Aim of the task: State the number of lines in the records beneath that hold the word "intro", and add nothing.

Entries provided:
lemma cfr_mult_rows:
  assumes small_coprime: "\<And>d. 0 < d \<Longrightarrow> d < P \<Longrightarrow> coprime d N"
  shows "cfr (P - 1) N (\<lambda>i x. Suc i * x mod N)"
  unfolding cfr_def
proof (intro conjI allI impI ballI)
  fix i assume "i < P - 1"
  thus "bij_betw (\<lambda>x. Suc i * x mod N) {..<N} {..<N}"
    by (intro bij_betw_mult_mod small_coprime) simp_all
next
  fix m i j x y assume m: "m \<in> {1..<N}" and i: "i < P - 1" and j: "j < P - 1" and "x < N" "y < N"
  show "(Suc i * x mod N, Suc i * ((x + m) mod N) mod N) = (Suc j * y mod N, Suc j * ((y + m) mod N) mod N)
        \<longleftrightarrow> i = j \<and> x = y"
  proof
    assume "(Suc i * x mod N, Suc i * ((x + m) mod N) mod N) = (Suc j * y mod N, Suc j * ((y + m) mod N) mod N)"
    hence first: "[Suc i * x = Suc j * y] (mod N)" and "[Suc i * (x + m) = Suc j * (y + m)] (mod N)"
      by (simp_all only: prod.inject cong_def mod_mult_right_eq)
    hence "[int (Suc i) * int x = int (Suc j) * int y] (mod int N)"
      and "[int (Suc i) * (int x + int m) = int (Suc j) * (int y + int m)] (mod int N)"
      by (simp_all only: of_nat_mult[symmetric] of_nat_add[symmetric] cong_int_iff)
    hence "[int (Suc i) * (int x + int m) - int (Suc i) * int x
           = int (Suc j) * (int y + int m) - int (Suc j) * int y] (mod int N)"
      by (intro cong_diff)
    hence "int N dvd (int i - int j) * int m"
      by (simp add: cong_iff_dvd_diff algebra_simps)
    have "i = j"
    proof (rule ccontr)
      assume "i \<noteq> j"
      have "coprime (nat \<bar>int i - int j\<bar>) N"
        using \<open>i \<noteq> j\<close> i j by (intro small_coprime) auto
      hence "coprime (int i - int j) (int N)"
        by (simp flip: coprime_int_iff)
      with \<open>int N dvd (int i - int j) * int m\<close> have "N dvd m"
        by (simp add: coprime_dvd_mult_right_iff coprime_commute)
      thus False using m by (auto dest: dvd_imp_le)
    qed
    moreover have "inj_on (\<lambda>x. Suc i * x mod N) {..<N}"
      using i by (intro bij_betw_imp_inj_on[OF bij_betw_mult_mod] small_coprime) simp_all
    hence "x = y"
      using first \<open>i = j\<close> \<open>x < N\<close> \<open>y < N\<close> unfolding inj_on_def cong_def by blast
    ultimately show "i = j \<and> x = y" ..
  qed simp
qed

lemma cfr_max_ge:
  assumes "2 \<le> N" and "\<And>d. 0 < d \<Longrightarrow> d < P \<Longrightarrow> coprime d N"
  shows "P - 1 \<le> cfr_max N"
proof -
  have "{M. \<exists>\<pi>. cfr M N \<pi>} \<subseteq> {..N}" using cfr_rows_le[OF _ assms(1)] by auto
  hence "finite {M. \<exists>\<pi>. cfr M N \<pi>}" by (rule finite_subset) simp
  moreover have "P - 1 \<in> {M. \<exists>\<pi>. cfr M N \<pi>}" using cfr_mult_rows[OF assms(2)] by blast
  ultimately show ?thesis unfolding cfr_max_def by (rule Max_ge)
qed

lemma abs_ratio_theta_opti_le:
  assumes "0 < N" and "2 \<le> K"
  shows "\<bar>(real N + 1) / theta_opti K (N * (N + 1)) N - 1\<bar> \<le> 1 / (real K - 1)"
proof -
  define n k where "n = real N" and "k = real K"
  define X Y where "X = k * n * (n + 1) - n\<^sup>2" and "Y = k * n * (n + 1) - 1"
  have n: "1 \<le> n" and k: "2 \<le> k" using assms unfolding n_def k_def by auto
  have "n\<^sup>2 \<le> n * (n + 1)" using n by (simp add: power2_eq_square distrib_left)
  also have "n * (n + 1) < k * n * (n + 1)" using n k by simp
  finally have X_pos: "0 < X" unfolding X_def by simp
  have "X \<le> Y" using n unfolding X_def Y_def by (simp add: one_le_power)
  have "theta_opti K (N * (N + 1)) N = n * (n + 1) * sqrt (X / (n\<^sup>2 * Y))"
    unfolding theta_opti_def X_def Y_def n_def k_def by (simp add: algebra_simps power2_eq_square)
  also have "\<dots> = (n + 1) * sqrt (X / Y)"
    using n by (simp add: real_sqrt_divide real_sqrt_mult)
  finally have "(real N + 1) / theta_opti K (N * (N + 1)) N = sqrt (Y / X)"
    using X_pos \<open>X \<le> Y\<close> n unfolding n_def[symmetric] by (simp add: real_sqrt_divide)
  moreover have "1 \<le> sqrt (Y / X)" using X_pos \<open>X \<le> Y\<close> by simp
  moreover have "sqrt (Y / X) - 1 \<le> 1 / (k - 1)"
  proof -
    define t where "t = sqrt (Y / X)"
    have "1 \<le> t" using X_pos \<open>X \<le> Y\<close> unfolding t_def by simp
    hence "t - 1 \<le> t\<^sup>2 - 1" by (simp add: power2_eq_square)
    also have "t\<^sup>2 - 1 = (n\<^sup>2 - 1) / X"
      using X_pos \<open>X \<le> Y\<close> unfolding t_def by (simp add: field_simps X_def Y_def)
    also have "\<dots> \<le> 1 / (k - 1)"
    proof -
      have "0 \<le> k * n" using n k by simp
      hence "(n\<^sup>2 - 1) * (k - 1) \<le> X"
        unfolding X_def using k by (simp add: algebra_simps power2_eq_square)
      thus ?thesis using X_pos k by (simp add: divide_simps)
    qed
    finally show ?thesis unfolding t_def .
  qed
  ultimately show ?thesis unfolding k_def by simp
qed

Solution for this task: 5